**ACTION ITEM**
Retype all of the records precisely.

[Stored items]
________________________

(* For any $F\in\mathscr{F}_{\mathrm{AIFV}}$: (i) $\mathcal{P}^1_{F,0}=\mathcal{P}^1_{F,1}=\{0,1\}$; (ii) for any $i\in\{0,1\}$ and $b\in\mathcal{C}$, if $\mathcal{S}_{F,i}(\lambda)=\emptyset$ and $(i,b)\ne(1,0)$, then $\mathcal{P}^1_{F,i}(b)=\{0,1\}$; (iii) for any $i\in\{0,1\}$ and $s\in\mathcal{S}$, if $\bar{\mathcal{P}}^0_{F,i}(f_i(s))\ne\emptyset$, then $\bar{\mathcal{P}}^2_{F,i}(f_i(s))=\{00\}$.
   Context: $\mathcal{S}$ is a finite source alphabet with $|\mathcal{S}|\ge 2$ and $\mathcal{C}=\{0,1\}$; $\mathcal{A}^k,\mathcal{A}^{\ast},\mathcal{A}^{+}$ are sequences of length $k$, finite, positive finite length; $\lambda$ empty sequence; $\preceq$ prefix, $\prec$ proper prefix; $\mathrm{suff}(x_1\cdots x_n)=x_2\cdots x_n$. A code-tuple $F$ with $m\ge1$ code tables consists of maps $f_i:\mathcal{S}\to\mathcal{C}^{\ast}$ and $\tau_i:\mathcal{S}\to\{0,\dots,m-1\}$, $i\in\{0,\dots,m-1\}$; $|F|=m$. $f_i^{\ast}(\lambda)=\lambda$, $f_i^{\ast}(\pmb{x})=f_i(x_1)f^{\ast}_{\tau_i(x_1)}(\mathrm{suff}(\pmb{x}))$. $\mathcal{S}_{F,i}(\pmb{b})=\{s:f_i(s)=\pmb{b}\}$. For integer $k\ge0$, $\pmb{b}\in\mathcal{C}^{\ast}$: $\mathcal{P}^k_{F,i}(\pmb{b})$ is the set of $\pmb{c}\in\mathcal{C}^k$ such that some $\pmb{x}=x_1\cdots x_n\in\mathcal{S}^{+}$ has $f_i^{\ast}(\pmb{x})\succeq\pmb{b}\pmb{c}$ and $f_i(x_1)\succeq\pmb{b}$; $\bar{\mathcal{P}}^k_{F,i}(\pmb{b})$ the same with $f_i(x_1)\succ\pmb{b}$; $\mathcal{P}^k_{F,i}=\mathcal{P}^k_{F,i}(\lambda)$, $\bar{\mathcal{P}}^k_{F,i}=\bar{\mathcal{P}}^k_{F,i}(\lambda)$. $\mathscr{F}_{\mathrm{AIFV}}$ is the set of code-tuples $F$ with $|F|=2$ satisfying: (i) $f_0,f_1$ injective; (ii) for all $i\in\{0,1\}$, $s$: $1\notin\bar{\mathcal{P}}^1_{F,i}(f_i(s))$ and $1\notin\bar{\mathcal{P}}^1_{F,i}(f_i(s)0)$; (iii) $f_i(s')\ne f_i(s)0$ for all $i,s,s'$; (iv) $\tau_i(s)=0$ if $\bar{\mathcal{P}}^0_{F,i}(f_i(s))=\emptyset$, and $\tau_i(s)=1$ otherwise; (v) $f_1(s)\ne\lambda$ and $f_1(s)\ne0$ for all $s$; (vi) $0\notin\bar{\mathcal{P}}^1_{F,1}(0)$; (vii) for all $i\in\{0,1\}$, $\pmb{b}\in\mathcal{C}^{\ast}$ with $|\bar{\mathcal{P}}^1_{F,i}(\pmb{b})|=1$: either $f_i(s)\pmb{c}=\pmb{b}$ for some $s\in\mathcal{S}$, $\pmb{c}\in\mathcal{C}^0\cup\mathcal{C}^1$, or $(i,\pmb{b})=(1,0)$. *)

theory Defs
  imports "HOL-Library.Sublist"
begin

datatype cbit = B0 | B1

________________________

**OUTPUT**
(* For any $F\in\mathscr{F}_{\mathrm{AIFV}}$: (i) $\mathcal{P}^1_{F,0}=\mathcal{P}^1_{F,1}=\{0,1\}$; (ii) for any $i\in\{0,1\}$ and $b\in\mathcal{C}$, if $\mathcal{S}_{F,i}(\lambda)=\emptyset$ and $(i,b)\ne(1,0)$, then $\mathcal{P}^1_{F,i}(b)=\{0,1\}$; (iii) for any $i\in\{0,1\}$ and $s\in\mathcal{S}$, if $\bar{\mathcal{P}}^0_{F,i}(f_i(s))\ne\emptyset$, then $\bar{\mathcal{P}}^2_{F,i}(f_i(s))=\{00\}$.
   Context: $\mathcal{S}$ is a finite source alphabet with $|\mathcal{S}|\ge 2$ and $\mathcal{C}=\{0,1\}$; $\mathcal{A}^k,\mathcal{A}^{\ast},\mathcal{A}^{+}$ are sequences of length $k$, finite, positive finite length; $\lambda$ empty sequence; $\preceq$ prefix, $\prec$ proper prefix; $\mathrm{suff}(x_1\cdots x_n)=x_2\cdots x_n$. A code-tuple $F$ with $m\ge1$ code tables consists of maps $f_i:\mathcal{S}\to\mathcal{C}^{\ast}$ and $\tau_i:\mathcal{S}\to\{0,\dots,m-1\}$, $i\in\{0,\dots,m-1\}$; $|F|=m$. $f_i^{\ast}(\lambda)=\lambda$, $f_i^{\ast}(\pmb{x})=f_i(x_1)f^{\ast}_{\tau_i(x_1)}(\mathrm{suff}(\pmb{x}))$. $\mathcal{S}_{F,i}(\pmb{b})=\{s:f_i(s)=\pmb{b}\}$. For integer $k\ge0$, $\pmb{b}\in\mathcal{C}^{\ast}$: $\mathcal{P}^k_{F,i}(\pmb{b})$ is the set of $\pmb{c}\in\mathcal{C}^k$ such that some $\pmb{x}=x_1\cdots x_n\in\mathcal{S}^{+}$ has $f_i^{\ast}(\pmb{x})\succeq\pmb{b}\pmb{c}$ and $f_i(x_1)\succeq\pmb{b}$; $\bar{\mathcal{P}}^k_{F,i}(\pmb{b})$ the same with $f_i(x_1)\succ\pmb{b}$; $\mathcal{P}^k_{F,i}=\mathcal{P}^k_{F,i}(\lambda)$, $\bar{\mathcal{P}}^k_{F,i}=\bar{\mathcal{P}}^k_{F,i}(\lambda)$. $\mathscr{F}_{\mathrm{AIFV}}$ is the set of code-tuples $F$ with $|F|=2$ satisfying: (i) $f_0,f_1$ injective; (ii) for all $i\in\{0,1\}$, $s$: $1\notin\bar{\mathcal{P}}^1_{F,i}(f_i(s))$ and $1\notin\bar{\mathcal{P}}^1_{F,i}(f_i(s)0)$; (iii) $f_i(s')\ne f_i(s)0$ for all $i,s,s'$; (iv) $\tau_i(s)=0$ if $\bar{\mathcal{P}}^0_{F,i}(f_i(s))=\emptyset$, and $\tau_i(s)=1$ otherwise; (v) $f_1(s)\ne\lambda$ and $f_1(s)\ne0$ for all $s$; (vi) $0\notin\bar{\mathcal{P}}^1_{F,1}(0)$; (vii) for all $i\in\{0,1\}$, $\pmb{b}\in\mathcal{C}^{\ast}$ with $|\bar{\mathcal{P}}^1_{F,i}(\pmb{b})|=1$: either $f_i(s)\pmb{c}=\pmb{b}$ for some $s\in\mathcal{S}$, $\pmb{c}\in\mathcal{C}^0\cup\mathcal{C}^1$, or $(i,\pmb{b})=(1,0)$. *)

theory Defs
  imports "HOL-Library.Sublist"
begin

datatype cbit = B0 | B1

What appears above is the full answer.